» **Data entries**:

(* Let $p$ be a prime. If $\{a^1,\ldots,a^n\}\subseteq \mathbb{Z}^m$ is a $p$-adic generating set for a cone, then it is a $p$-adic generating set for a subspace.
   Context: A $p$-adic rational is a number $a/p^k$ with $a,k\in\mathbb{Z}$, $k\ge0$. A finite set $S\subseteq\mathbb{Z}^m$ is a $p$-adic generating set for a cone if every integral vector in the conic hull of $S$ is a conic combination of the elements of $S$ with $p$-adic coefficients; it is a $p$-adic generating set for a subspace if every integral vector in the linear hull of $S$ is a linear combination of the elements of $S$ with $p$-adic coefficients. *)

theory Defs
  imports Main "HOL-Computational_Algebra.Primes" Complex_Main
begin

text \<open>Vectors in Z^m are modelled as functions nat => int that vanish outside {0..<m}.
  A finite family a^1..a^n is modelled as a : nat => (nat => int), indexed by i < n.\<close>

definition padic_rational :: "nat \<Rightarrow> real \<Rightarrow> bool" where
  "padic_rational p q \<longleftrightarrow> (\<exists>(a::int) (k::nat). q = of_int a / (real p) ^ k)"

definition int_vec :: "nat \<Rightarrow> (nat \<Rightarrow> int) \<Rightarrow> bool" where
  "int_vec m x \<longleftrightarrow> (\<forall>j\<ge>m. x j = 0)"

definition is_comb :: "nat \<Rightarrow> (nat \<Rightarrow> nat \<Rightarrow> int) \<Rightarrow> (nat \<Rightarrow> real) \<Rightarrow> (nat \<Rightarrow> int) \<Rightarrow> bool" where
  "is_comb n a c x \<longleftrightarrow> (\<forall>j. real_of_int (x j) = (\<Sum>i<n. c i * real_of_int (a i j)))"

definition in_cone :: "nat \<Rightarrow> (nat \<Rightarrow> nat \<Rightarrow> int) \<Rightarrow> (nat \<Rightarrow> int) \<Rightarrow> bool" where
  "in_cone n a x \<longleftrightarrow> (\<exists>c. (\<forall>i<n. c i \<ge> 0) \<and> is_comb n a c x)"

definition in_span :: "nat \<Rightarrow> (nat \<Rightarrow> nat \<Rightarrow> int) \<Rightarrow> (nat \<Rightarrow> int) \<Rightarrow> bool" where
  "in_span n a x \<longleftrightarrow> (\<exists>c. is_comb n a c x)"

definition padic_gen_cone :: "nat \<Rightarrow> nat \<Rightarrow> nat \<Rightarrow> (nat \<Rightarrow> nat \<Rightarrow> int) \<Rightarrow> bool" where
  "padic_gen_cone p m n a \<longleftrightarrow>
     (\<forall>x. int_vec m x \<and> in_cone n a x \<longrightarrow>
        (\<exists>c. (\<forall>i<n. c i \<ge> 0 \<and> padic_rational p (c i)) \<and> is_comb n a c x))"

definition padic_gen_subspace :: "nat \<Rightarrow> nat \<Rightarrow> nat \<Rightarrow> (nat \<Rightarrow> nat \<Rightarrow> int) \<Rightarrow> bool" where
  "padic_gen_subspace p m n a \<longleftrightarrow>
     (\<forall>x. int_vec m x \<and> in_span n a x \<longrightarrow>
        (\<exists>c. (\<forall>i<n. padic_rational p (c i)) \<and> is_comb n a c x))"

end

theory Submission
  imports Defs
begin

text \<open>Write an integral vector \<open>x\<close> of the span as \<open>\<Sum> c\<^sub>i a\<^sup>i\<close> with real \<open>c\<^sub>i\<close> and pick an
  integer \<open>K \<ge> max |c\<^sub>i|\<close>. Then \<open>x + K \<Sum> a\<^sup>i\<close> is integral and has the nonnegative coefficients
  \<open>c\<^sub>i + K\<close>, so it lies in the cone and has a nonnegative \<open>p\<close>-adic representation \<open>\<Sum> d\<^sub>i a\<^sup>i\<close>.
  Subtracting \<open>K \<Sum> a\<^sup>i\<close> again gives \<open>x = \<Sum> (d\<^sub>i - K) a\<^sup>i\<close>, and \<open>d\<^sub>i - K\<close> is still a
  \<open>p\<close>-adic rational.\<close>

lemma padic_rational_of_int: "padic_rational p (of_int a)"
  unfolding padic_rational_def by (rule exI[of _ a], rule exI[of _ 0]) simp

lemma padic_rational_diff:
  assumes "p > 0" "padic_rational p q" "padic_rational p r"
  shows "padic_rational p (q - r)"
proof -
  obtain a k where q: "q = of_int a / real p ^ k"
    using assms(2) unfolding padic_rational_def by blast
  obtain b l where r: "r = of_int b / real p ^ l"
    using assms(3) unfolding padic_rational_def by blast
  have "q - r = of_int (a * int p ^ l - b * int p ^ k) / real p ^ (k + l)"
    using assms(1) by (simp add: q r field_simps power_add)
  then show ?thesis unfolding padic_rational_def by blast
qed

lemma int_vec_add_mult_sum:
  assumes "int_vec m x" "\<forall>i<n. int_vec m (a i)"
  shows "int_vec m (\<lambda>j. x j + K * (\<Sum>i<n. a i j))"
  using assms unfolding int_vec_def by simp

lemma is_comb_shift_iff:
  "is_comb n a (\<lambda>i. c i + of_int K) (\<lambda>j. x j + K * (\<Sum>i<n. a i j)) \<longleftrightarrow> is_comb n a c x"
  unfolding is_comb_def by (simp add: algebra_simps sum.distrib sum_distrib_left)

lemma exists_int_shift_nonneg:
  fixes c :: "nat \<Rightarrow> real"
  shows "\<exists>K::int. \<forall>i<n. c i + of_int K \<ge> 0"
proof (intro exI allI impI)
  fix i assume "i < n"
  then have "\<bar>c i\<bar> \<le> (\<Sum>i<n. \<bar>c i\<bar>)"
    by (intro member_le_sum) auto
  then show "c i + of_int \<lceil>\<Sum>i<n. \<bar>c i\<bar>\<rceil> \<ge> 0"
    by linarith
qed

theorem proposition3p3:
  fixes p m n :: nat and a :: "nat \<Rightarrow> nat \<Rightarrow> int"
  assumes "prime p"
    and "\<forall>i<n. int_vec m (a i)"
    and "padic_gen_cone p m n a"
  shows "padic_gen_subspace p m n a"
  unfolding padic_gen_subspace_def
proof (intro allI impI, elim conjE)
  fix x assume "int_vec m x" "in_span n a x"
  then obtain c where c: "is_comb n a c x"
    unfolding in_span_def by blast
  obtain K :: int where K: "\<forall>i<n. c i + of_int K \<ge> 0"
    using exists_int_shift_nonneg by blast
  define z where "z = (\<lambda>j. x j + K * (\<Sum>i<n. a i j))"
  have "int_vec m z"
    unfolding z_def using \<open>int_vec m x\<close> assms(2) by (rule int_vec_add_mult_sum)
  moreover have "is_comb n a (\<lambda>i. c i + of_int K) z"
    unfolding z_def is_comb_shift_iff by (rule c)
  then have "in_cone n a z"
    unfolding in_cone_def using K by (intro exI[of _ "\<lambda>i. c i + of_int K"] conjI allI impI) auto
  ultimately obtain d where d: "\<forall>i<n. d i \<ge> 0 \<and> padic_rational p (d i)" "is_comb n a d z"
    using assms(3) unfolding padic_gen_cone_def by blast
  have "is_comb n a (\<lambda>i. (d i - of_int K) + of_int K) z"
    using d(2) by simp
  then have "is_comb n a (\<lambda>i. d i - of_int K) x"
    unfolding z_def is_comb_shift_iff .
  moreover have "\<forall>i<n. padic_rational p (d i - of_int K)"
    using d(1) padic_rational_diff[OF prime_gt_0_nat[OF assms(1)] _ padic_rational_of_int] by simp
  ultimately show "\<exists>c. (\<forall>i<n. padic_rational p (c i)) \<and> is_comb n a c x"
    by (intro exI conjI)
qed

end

» **Instructions for the task**: Print exactly the lines above, starting at the line that contains "using d(1) padic_rational_diff[OF" and ending with the last line of the records, both included.

» **Written response**:
    using d(1) padic_rational_diff[OF prime_gt_0_nat[OF assms(1)] _ padic_rational_of_int] by simp
  ultimately show "\<exists>c. (\<forall>i<n. padic_rational p (c i)) \<and> is_comb n a c x"
    by (intro exI conjI)
qed

end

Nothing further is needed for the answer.